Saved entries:

(* Let $n>1$ be an odd integer, $k\ge1$, and $p$ the smallest prime divisor of $n$. Then $\mathrm{C}^{n,k}_{\mathrm{RDH}}$ is $\frac{1}{p-1}$-secure against substitution attacks: for every function $\mathcal{F}:\mathbb{Z}_n^k\times\mathbb{Z}_n\to\mathbb{Z}_n^k\times\mathbb{Z}_n$, $$\Pr_{\mathbf{m},\mathbf{x}\leftarrow\mathbb{Z}_n^k,\ \mathbf{y}\leftarrow(\mathbb{Z}_n^* )^k}\big[\mathcal{F}(c)\ne c\ \wedge\ \mathcal{D}_{\mathbf{x}\|\mathbf{y}}(\mathcal{F}(c))\ne\bot\big]\le\frac{1}{p-1},\quad\text{where } c=\mathcal{E}_{\mathbf{x}\|\mathbf{y}}(\mathbf{m}).$$
   Context: For $\mathbf{y}\in(\mathbb{Z}_n^* )^k$ and $\mathbf{m}\in\mathbb{Z}_n^k$ let $\Upsilon_{\mathbf{y}}(\mathbf{m})=\sum_{i=1}^k m_iy_i\bmod n$. The code $\mathrm{C}^{n,k}_{\mathrm{RDH}}$ has source states $\mathbb{Z}_n^k$, keys $\mathbf{x}\|\mathbf{y}\in\mathbb{Z}_n^k\times(\mathbb{Z}_n^* )^k$, ciphertexts $\mathbf{c}\|t\in\mathbb{Z}_n^k\times\mathbb{Z}_n$, encryption $\mathcal{E}_{\mathbf{x}\|\mathbf{y}}(\mathbf{m})=(\mathbf{m}+\mathbf{x}\bmod n)\,\|\,\Upsilon_{\mathbf{y}}(\mathbf{m})$, and decryption $\mathcal{D}_{\mathbf{x}\|\mathbf{y}}(\mathbf{c}\|t)=\mathbf{c}-\mathbf{x}\bmod n$ if $\Upsilon_{\mathbf{y}}(\mathbf{c}-\mathbf{x})=t$ and $\bot$ otherwise. All random choices are uniform and independent; the forger $\mathcal{F}$ is an arbitrary (computationally unrestricted) function. *)

theory Defs
  imports "HOL-Probability.Probability" "HOL-Computational_Algebra.Primes"
begin

text \<open>Vectors in Z_n^k are extensional functions on {..<k} with values in {0..<n}
  (residues represented by their least nonnegative representatives).\<close>

definition Zn :: "int \<Rightarrow> int set" where
  "Zn n = {0..<n}"

definition Zn_units :: "int \<Rightarrow> int set" where
  "Zn_units n = {a \<in> {0..<n}. coprime a n}"

definition vecs :: "nat \<Rightarrow> int set \<Rightarrow> (nat \<Rightarrow> int) set" where
  "vecs k A = PiE {..<k} (\<lambda>_. A)"

definition Upsilon :: "int \<Rightarrow> nat \<Rightarrow> (nat \<Rightarrow> int) \<Rightarrow> (nat \<Rightarrow> int) \<Rightarrow> int" where
  "Upsilon n k y m = (\<Sum>i<k. m i * y i) mod n"

definition RDH_enc :: "int \<Rightarrow> nat \<Rightarrow> (nat \<Rightarrow> int) \<Rightarrow> (nat \<Rightarrow> int) \<Rightarrow> (nat \<Rightarrow> int)
    \<Rightarrow> (nat \<Rightarrow> int) \<times> int" where
  "RDH_enc n k x y m = (restrict (\<lambda>i. (m i + x i) mod n) {..<k}, Upsilon n k y m)"

text \<open>Decryption; None plays the role of bottom.\<close>
definition RDH_dec :: "int \<Rightarrow> nat \<Rightarrow> (nat \<Rightarrow> int) \<Rightarrow> (nat \<Rightarrow> int) \<Rightarrow> (nat \<Rightarrow> int) \<times> int
    \<Rightarrow> (nat \<Rightarrow> int) option" where
  "RDH_dec n k x y ct =
     (let d = restrict (\<lambda>i. (fst ct i - x i) mod n) {..<k}
      in if Upsilon n k y d = snd ct then Some d else None)"

definition ciphertexts :: "int \<Rightarrow> nat \<Rightarrow> ((nat \<Rightarrow> int) \<times> int) set" where
  "ciphertexts n k = vecs k (Zn n) \<times> Zn n"

definition subst_success_prob ::
  "int \<Rightarrow> nat \<Rightarrow> ((nat \<Rightarrow> int) \<times> int \<Rightarrow> (nat \<Rightarrow> int) \<times> int) \<Rightarrow> real" where
  "subst_success_prob n k F =
     measure_pmf.prob
       (pmf_of_set (vecs k (Zn n) \<times> vecs k (Zn n) \<times> vecs k (Zn_units n)))
       {(m, x, y). let c = RDH_enc n k x y m in F c \<noteq> c \<and> RDH_dec n k x y (F c) \<noteq> None}"

end

theory Submission
  imports Defs "HOL-Number_Theory.Cong"
begin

● **Exercise brief**
Look over the entries for "mathcal", then copy every line that includes that string.

● **Response to the exercise**
(* Let $n>1$ be an odd integer, $k\ge1$, and $p$ the smallest prime divisor of $n$. Then $\mathrm{C}^{n,k}_{\mathrm{RDH}}$ is $\frac{1}{p-1}$-secure against substitution attacks: for every function $\mathcal{F}:\mathbb{Z}_n^k\times\mathbb{Z}_n\to\mathbb{Z}_n^k\times\mathbb{Z}_n$, $$\Pr_{\mathbf{m},\mathbf{x}\leftarrow\mathbb{Z}_n^k,\ \mathbf{y}\leftarrow(\mathbb{Z}_n^* )^k}\big[\mathcal{F}(c)\ne c\ \wedge\ \mathcal{D}_{\mathbf{x}\|\mathbf{y}}(\mathcal{F}(c))\ne\bot\big]\le\frac{1}{p-1},\quad\text{where } c=\mathcal{E}_{\mathbf{x}\|\mathbf{y}}(\mathbf{m}).$$
   Context: For $\mathbf{y}\in(\mathbb{Z}_n^* )^k$ and $\mathbf{m}\in\mathbb{Z}_n^k$ let $\Upsilon_{\mathbf{y}}(\mathbf{m})=\sum_{i=1}^k m_iy_i\bmod n$. The code $\mathrm{C}^{n,k}_{\mathrm{RDH}}$ has source states $\mathbb{Z}_n^k$, keys $\mathbf{x}\|\mathbf{y}\in\mathbb{Z}_n^k\times(\mathbb{Z}_n^* )^k$, ciphertexts $\mathbf{c}\|t\in\mathbb{Z}_n^k\times\mathbb{Z}_n$, encryption $\mathcal{E}_{\mathbf{x}\|\mathbf{y}}(\mathbf{m})=(\mathbf{m}+\mathbf{x}\bmod n)\,\|\,\Upsilon_{\mathbf{y}}(\mathbf{m})$, and decryption $\mathcal{D}_{\mathbf{x}\|\mathbf{y}}(\mathbf{c}\|t)=\mathbf{c}-\mathbf{x}\bmod n$ if $\Upsilon_{\mathbf{y}}(\mathbf{c}-\mathbf{x})=t$ and $\bot$ otherwise. All random choices are uniform and independent; the forger $\mathcal{F}$ is an arbitrary (computationally unrestricted) function. *)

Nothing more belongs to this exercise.